[Work instruction]
Only one stretch of the data below is wanted: the lines starting at the one with "x:space N|N. h" and ending at the one with "N (\<lambda>x. k", both included, given again exactly.

─── Extracted records

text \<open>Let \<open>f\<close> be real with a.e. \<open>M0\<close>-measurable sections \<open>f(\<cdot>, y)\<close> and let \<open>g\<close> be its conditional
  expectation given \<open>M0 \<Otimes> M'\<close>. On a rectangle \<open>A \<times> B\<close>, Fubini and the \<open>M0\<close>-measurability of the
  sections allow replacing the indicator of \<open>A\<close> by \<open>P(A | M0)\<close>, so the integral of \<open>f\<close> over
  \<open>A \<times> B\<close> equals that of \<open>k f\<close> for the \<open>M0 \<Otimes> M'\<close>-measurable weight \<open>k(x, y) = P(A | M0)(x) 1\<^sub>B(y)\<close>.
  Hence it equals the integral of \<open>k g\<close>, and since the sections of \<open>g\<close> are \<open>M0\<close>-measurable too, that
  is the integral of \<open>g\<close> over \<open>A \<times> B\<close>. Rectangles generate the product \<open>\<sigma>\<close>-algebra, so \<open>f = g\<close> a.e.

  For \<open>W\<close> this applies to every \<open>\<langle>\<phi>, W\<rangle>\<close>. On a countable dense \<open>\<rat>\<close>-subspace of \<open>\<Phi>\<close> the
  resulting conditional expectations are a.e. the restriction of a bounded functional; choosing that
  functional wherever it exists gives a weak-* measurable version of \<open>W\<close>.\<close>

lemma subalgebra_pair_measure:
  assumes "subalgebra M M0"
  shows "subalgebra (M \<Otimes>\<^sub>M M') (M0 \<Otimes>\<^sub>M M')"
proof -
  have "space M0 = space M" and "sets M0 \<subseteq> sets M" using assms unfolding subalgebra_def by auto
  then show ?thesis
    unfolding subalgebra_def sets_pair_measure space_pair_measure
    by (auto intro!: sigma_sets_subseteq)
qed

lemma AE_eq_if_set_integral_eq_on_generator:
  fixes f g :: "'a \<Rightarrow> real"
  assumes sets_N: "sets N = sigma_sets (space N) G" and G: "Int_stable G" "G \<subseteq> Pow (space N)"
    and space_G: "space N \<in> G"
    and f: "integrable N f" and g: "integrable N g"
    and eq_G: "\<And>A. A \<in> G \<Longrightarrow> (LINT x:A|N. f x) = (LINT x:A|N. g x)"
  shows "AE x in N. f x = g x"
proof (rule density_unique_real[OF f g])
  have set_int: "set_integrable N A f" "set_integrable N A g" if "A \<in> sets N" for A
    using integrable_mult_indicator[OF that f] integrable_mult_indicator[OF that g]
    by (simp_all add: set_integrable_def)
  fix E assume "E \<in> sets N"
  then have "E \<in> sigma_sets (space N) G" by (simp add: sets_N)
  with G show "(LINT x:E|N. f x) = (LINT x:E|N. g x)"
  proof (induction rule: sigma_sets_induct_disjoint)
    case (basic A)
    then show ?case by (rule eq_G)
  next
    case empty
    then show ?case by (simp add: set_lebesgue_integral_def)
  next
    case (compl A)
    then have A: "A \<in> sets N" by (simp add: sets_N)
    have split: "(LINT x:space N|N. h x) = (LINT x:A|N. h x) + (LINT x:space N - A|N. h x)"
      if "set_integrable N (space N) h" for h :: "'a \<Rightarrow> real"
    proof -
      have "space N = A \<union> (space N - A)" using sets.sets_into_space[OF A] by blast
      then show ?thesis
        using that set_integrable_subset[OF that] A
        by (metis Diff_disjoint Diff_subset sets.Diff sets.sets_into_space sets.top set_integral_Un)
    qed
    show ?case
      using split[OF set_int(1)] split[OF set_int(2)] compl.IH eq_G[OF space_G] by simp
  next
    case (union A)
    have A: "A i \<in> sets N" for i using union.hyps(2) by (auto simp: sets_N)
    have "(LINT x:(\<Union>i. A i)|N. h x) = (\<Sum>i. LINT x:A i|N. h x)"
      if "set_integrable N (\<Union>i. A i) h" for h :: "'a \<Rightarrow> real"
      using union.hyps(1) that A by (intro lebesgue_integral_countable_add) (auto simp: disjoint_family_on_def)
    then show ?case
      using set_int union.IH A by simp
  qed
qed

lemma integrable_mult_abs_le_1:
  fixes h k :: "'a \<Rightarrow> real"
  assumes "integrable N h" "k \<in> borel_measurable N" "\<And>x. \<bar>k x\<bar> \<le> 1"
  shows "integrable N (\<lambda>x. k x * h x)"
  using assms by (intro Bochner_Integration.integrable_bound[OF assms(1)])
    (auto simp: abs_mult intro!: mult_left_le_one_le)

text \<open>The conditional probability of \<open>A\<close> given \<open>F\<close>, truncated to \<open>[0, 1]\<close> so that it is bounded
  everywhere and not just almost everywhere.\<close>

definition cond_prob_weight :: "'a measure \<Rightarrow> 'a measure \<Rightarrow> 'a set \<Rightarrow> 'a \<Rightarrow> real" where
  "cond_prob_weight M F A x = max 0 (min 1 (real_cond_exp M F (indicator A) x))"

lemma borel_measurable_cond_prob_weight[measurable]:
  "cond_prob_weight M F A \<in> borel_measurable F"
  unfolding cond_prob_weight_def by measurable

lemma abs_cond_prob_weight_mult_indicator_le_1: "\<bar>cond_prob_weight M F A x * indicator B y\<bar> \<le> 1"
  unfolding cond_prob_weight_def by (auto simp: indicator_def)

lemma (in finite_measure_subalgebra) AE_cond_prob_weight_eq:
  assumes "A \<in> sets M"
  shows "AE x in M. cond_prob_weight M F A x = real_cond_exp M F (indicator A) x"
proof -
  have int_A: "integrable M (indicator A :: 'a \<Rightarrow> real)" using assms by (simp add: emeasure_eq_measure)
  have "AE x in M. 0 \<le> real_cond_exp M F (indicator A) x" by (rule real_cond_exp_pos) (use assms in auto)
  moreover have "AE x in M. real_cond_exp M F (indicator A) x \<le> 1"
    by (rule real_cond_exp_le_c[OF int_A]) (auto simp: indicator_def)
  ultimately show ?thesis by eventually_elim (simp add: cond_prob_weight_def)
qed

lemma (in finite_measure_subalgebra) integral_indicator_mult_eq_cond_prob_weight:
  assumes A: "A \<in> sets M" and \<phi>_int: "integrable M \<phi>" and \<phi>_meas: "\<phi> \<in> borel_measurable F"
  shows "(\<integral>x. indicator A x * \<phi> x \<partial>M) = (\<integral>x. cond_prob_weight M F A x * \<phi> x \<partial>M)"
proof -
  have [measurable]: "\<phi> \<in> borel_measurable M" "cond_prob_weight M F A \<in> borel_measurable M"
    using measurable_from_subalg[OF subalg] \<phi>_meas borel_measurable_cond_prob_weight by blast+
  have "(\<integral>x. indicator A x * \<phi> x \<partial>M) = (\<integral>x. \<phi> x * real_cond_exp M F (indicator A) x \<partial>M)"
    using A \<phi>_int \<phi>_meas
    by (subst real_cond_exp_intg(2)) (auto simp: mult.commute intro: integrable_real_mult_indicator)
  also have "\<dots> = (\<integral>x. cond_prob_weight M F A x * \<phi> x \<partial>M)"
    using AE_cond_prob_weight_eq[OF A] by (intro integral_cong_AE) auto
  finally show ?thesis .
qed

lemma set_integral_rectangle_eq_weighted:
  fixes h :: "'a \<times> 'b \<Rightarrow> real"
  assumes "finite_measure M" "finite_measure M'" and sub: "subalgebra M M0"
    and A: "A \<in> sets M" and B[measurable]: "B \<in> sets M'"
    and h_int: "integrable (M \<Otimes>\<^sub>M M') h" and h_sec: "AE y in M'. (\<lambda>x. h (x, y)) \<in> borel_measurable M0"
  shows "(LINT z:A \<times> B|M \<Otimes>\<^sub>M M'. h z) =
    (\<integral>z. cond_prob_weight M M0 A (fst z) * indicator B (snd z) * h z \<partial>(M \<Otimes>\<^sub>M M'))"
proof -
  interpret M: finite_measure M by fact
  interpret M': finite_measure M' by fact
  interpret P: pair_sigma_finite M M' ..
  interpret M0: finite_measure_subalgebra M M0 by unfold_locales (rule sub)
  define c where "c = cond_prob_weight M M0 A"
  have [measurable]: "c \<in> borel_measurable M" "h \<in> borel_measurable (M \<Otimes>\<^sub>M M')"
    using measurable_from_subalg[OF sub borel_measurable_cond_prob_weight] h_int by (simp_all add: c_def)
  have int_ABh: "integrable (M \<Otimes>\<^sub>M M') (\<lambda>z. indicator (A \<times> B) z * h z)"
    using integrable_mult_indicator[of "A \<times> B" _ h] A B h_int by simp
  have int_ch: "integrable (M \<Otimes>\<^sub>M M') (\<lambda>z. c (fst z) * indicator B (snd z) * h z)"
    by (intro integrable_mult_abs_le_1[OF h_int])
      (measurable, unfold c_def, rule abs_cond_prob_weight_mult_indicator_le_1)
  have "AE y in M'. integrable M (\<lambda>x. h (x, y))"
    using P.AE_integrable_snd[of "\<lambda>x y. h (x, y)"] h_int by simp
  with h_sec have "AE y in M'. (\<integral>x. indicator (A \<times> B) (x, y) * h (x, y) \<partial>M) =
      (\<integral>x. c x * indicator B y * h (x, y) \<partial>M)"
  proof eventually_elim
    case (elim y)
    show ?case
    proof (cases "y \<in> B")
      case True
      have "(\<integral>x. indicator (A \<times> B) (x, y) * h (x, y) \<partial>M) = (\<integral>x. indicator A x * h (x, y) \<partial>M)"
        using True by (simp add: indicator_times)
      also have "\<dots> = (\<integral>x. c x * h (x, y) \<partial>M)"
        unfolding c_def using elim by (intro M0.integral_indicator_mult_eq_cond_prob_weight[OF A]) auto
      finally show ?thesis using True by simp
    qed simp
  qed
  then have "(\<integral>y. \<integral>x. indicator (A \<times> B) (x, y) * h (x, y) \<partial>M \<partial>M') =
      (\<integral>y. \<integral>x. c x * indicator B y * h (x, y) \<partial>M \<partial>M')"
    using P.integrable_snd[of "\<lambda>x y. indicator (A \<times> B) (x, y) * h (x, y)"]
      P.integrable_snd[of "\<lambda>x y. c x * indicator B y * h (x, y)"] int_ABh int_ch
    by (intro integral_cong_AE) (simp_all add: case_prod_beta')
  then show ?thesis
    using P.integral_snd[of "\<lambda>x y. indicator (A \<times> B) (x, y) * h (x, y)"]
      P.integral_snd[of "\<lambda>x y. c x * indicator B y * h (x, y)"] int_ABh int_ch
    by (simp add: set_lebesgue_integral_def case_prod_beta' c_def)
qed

──────

[Your solution]
    have split: "(LINT x:space N|N. h x) = (LINT x:A|N. h x) + (LINT x:space N - A|N. h x)"
      if "set_integrable N (space N) h" for h :: "'a \<Rightarrow> real"
    proof -
      have "space N = A \<union> (space N - A)" using sets.sets_into_space[OF A] by blast
      then show ?thesis
        using that set_integrable_subset[OF that] A
        by (metis Diff_disjoint Diff_subset sets.Diff sets.sets_into_space sets.top set_integral_Un)
    qed
    show ?case
      using split[OF set_int(1)] split[OF set_int(2)] compl.IH eq_G[OF space_G] by simp
  next
    case (union A)
    have A: "A i \<in> sets N" for i using union.hyps(2) by (auto simp: sets_N)
    have "(LINT x:(\<Union>i. A i)|N. h x) = (\<Sum>i. LINT x:A i|N. h x)"
      if "set_integrable N (\<Union>i. A i) h" for h :: "'a \<Rightarrow> real"
      using union.hyps(1) that A by (intro lebesgue_integral_countable_add) (auto simp: disjoint_family_on_def)
    then show ?case
      using set_int union.IH A by simp
  qed
qed

lemma integrable_mult_abs_le_1:
  fixes h k :: "'a \<Rightarrow> real"
  assumes "integrable N h" "k \<in> borel_measurable N" "\<And>x. \<bar>k x\<bar> \<le> 1"
  shows "integrable N (\<lambda>x. k x * h x)"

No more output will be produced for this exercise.